- **What to work on**:
Go over the entries below line by line, copying each one that contains the word "have".

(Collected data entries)
- - -

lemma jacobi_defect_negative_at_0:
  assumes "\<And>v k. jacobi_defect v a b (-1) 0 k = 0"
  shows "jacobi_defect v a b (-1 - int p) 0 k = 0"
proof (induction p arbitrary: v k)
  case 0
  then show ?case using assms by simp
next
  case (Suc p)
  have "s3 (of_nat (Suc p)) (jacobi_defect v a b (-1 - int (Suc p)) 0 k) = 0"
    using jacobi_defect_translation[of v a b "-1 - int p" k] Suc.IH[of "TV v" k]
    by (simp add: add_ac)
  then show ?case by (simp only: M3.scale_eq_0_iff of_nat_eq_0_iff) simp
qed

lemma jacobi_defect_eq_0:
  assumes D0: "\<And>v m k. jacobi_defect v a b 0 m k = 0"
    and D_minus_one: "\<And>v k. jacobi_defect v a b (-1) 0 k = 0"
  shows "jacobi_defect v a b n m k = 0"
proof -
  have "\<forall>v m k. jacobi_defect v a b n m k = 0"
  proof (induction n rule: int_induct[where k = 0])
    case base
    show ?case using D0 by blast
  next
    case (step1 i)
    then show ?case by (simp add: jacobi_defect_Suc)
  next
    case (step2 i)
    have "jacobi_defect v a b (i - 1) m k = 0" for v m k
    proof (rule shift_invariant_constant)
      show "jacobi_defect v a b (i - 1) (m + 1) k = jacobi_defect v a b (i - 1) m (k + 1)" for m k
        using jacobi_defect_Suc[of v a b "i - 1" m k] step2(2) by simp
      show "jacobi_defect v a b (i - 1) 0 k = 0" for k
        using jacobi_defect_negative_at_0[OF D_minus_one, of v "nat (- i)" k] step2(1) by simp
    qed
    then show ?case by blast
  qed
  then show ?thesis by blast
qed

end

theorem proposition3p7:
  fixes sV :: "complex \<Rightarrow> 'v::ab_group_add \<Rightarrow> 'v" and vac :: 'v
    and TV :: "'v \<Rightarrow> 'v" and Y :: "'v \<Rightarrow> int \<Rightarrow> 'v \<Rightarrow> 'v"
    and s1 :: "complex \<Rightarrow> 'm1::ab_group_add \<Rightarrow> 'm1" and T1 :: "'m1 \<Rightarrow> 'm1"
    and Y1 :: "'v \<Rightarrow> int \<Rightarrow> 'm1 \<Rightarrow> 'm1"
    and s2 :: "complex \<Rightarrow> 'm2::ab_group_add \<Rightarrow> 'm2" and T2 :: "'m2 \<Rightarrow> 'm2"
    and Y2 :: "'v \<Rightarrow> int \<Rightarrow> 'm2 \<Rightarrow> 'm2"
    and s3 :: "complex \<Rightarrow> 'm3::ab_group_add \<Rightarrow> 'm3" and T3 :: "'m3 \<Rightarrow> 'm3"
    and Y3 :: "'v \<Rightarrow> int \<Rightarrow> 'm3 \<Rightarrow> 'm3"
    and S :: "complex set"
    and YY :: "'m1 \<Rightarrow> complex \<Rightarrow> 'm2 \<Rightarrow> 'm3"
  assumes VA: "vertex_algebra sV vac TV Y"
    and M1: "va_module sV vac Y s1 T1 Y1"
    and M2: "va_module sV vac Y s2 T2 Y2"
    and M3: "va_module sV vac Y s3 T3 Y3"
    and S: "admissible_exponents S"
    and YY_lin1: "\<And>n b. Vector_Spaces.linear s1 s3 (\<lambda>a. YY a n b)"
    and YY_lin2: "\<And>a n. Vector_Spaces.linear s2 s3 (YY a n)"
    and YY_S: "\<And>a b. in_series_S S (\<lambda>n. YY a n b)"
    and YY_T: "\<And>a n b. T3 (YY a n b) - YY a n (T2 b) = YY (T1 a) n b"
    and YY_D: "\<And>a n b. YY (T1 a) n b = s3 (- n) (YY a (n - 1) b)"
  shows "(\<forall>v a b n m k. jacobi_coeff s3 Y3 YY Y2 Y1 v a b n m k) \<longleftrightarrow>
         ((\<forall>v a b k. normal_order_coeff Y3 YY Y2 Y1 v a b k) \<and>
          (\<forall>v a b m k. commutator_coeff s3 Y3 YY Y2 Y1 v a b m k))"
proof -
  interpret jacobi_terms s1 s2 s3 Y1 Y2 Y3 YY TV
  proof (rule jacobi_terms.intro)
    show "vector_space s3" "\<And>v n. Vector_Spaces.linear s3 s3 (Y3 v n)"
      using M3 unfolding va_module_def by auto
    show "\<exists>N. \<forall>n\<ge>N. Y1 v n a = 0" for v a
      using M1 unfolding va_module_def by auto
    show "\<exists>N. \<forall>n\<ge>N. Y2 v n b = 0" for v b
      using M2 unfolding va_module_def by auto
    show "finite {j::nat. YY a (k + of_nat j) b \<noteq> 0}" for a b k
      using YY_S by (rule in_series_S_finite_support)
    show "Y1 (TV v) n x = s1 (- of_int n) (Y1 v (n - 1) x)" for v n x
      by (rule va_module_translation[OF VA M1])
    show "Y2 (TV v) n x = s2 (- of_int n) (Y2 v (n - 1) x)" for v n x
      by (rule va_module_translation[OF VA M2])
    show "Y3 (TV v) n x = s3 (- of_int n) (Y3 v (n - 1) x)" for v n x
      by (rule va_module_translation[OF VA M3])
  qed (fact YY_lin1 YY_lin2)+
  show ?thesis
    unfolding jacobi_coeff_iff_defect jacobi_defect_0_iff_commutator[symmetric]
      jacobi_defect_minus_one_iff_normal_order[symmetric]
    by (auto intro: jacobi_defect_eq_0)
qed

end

- - -

- **Answer box**:
  have "s3 (of_nat (Suc p)) (jacobi_defect v a b (-1 - int (Suc p)) 0 k) = 0"
  have "\<forall>v m k. jacobi_defect v a b n m k = 0"
    have "jacobi_defect v a b (i - 1) m k = 0" for v m k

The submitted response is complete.